## Stored data entries
(* Let $k$ be an algebraically closed field of characteristic $p>0$. Let $e_1\ge e_2$ be positive integers with $e=e_1+e_2$, $p\nmid(e-1)(e_1-1)(e_2-1)$, and let $pw$ be the smallest multiple of $p$ that is $\ge e_1$. Suppose $\lfloor\frac{e-1}{p}\rfloor>\lfloor\frac{e_1-1}{p}\rfloor+\lfloor\frac{e_2-1}{p}\rfloor$. Then there exists a rational function $G(x,t)\in\operatorname{Frac}(k[x,t])$ whose partial fraction decomposition in $k(t)(x)$ has the form $$G(x,t)=\sum_{i=1}^{e_1-1}\frac{a_i}{x^i}+\frac{a_{pw}}{x^{pw}}+\sum_{j=1}^{e_2-1}\frac{b_j}{(x-t)^j}$$ with all $a_i,b_j\in k(t)$ and $a_{pw},a_{e_1-1},b_{e_2-1}\neq0$, such that $G(x,0)\in\operatorname{Frac}(k[x])$ has exactly one pole, of order $e-1$, at $x=0$. *)

theory Defs
  imports "HOL-Computational_Algebra.Computational_Algebra"
begin

text \<open>k(t) is modelled as 'a poly fract; k(t)(x) = Frac(k[x,t]) as ('a poly fract) poly fract;
  k[t][x] = k[x,t] as 'a poly poly (outer variable x, coefficients in k[t]); k(x) as 'a poly fract.\<close>

definition xvar :: "'b::field poly fract" where
  "xvar = to_fract [:0, 1:]"

definition tvar :: "'a::field poly fract" where
  "tvar = to_fract [:0, 1:]"

definition constK :: "'b::field \<Rightarrow> 'b poly fract" where
  "constK c = to_fract [:c:]"

definition embed_xt :: "'a::field poly poly \<Rightarrow> 'a poly fract poly fract" where
  "embed_xt N = to_fract (map_poly to_fract N)"

definition spec_t0 :: "'a::field poly poly \<Rightarrow> 'a poly" where
  "spec_t0 N = map_poly (\<lambda>c. poly c 0) N"

text \<open>G(x,0) = R: G can be written N/D with N, D in k[x,t], D(x,0) \<noteq> 0, and R = N(x,0)/D(x,0).\<close>
definition specializes_to :: "'a::field poly fract poly fract \<Rightarrow> 'a poly fract \<Rightarrow> bool" where
  "specializes_to G R \<longleftrightarrow> (\<exists>N D. D \<noteq> 0 \<and> spec_t0 D \<noteq> 0 \<and> G = embed_xt N / embed_xt D
      \<and> R = Fract (spec_t0 N) (spec_t0 D))"

text \<open>R \<in> k(x) has exactly one pole on the projective line, at x = 0, of order m:
  R = P / x^m with P(0) \<noteq> 0 and deg P \<le> m (no pole at infinity).\<close>
definition single_pole_at_0 :: "'a::field poly fract \<Rightarrow> nat \<Rightarrow> bool" where
  "single_pole_at_0 R m \<longleftrightarrow> m > 0 \<and> (\<exists>P. poly P 0 \<noteq> 0 \<and> degree P \<le> m \<and> R = Fract P ([:0, 1:] ^ m))"

end

theory Submission
  imports Defs
begin

text \<open>
  Write n = e2 - 1 and pw = e1 + d. Cutting the binomial expansion of (t - x)^n after degree d
  gives (t - x)^n = t^(n-d) H + x^(d+1) T, where H = sum over k \<le> d of (-1)^k C(n,k) t^(d-k) x^k.
  Take G = H / (x^pw (x - t)^n). Dividing the cut expansion by t^(n-d) x^pw (x - t)^n shows that G
  is a constant multiple of x^(-pw) plus T / (x^(e1-1) (x - t)^n), and the leading partial fraction
  coefficients of the latter are proportional to T(0) and T(t), i.e. to C(n, d+1) and C(n-1, d).
  At t = 0 only the monomial (-1)^d C(n,d) x^d of H survives, so G(x,0) = (-1)^d C(n,d) / x^(e-1).
  Since d + 1 = p - ((e1 - 1) mod p), the floor hypothesis (a carry in the last base-p digit of
  (e1 - 1) + (e2 - 1)) says exactly that d + 1 \<le> (e2 - 1) mod p, which makes all three binomial
  coefficients prime to p.
\<close>

lemma to_fract_power [simp]: "to_fract (x ^ n) = to_fract x ^ n"
  by (induction n) simp_all
(* Let $\lambda\in(\frac16,\frac56)$ and $n\ge0$. For all $x\in[0,1]\setminus\mathcal E$, $$|F^\lambda(x)-F^\lambda(a_n(x))|\ge|m_n(x)|\,|x-a_n(x)|.$$
   Context: Construction: $F^\lambda_0\equiv0$ on $[0,1]$. Given $F^\lambda_n$ with its $4^n$ closed intervals of generation $n$ (covering $[0,1]$, disjoint interiors, $F^\lambda_n$ affine on each), on each interval $[a,b]$ of generation $n$, with $\ell=b-a$ and slope $m$, $F^\lambda_{n+1}$ coincides with $F^\lambda_n$ at $a,a+\ell/3,a+2\ell/3,b$, equals $F^\lambda_n(a+\ell/2)+\lambda\ell\sqrt{1+m^2}$ at $a+\ell/2$, and is affine on $[a,a+\ell/3],[a+\ell/3,a+\ell/2],[a+\ell/2,a+2\ell/3],[a+2\ell/3,b]$. $F^\lambda=\lim_nF^\lambda_n$. Dynamics: $T(x)=3x$ on $[0,\frac13)$, $6x-2$ on $[\frac13,\frac12)$, $4-6x$ on $[\frac12,\frac23)$, $3x-2$ on $[\frac23,1]$; $U(x)=0,1,2,3$ and $\widetilde U(x)=0,\frac13,\frac23,\frac23$ on these intervals respectively; $u_n(x)=U(T^nx)$, $\widetilde u_n(x)=\widetilde U(T^nx)$; $\beta_i(x,n)=\#\{k<n:u_k(x)=i\}$, $\beta_{i,j}=\beta_i+\beta_j$; $\varepsilon_n(x)=(-1)^{\beta_2(x,n)}$, $\ell_n(x)=3^{-\beta_{0,3}(x,n)}6^{-\beta_{1,2}(x,n)}$, $a_0(x)=0$, $a_n(x)=\sum_{k=0}^{n-1}\widetilde u_k(x)\varepsilon_k(x)\ell_k(x)$. $\mathcal E$ is the set of $x$ whose digit sequence is eventually constantly $0$ or eventually constantly $3$; for $x\notin\mathcal E$, $m_n(x)$ is the slope of $F^\lambda_n$ at $x$. *)

theory Defs
  imports "HOL-Analysis.Analysis"
begin

text \<open>F_n is represented by its list of nodes (breakpoints) (x, F_n x), sorted by x,
  covering [0,1]; F_n is the affine interpolation of consecutive nodes.
  Each consecutive pair of nodes delimits one interval of generation n.\<close>

definition refine_seg :: "real \<Rightarrow> real \<times> real \<Rightarrow> real \<times> real \<Rightarrow> (real \<times> real) list" where
  "refine_seg lam p q =
     (let a = fst p; ya = snd p; b = fst q; yb = snd q; l = b - a; m = (yb - ya) / l in
      [(a, ya),
       (a + l/3, ya + m * (l/3)),
       (a + l/2, ya + m * (l/2) + lam * l * sqrt (1 + m\<^sup>2)),
       (a + 2*l/3, ya + m * (2*l/3))])"

fun refine :: "real \<Rightarrow> (real \<times> real) list \<Rightarrow> (real \<times> real) list" where
  "refine lam [] = []"
| "refine lam [p] = [p]"
| "refine lam (p # q # rest) = refine_seg lam p q @ refine lam (q # rest)"

fun nodes :: "real \<Rightarrow> nat \<Rightarrow> (real \<times> real) list" where
  "nodes lam 0 = [(0, 0), (1, 0)]"
| "nodes lam (Suc n) = refine lam (nodes lam n)"

fun interp :: "(real \<times> real) list \<Rightarrow> real \<Rightarrow> real" where
  "interp [] x = 0"
| "interp [p] x = snd p"
| "interp (p # q # rest) x =
     (if x \<le> fst q then snd p + (snd q - snd p) / (fst q - fst p) * (x - fst p)
      else interp (q # rest) x)"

## What you will do
Lines from the records above that hold "rest" are the ones to list.

## Result for this exercise
| "refine lam (p # q # rest) = refine_seg lam p q @ refine lam (q # rest)"
| "interp (p # q # rest) x =
      else interp (q # rest) x)"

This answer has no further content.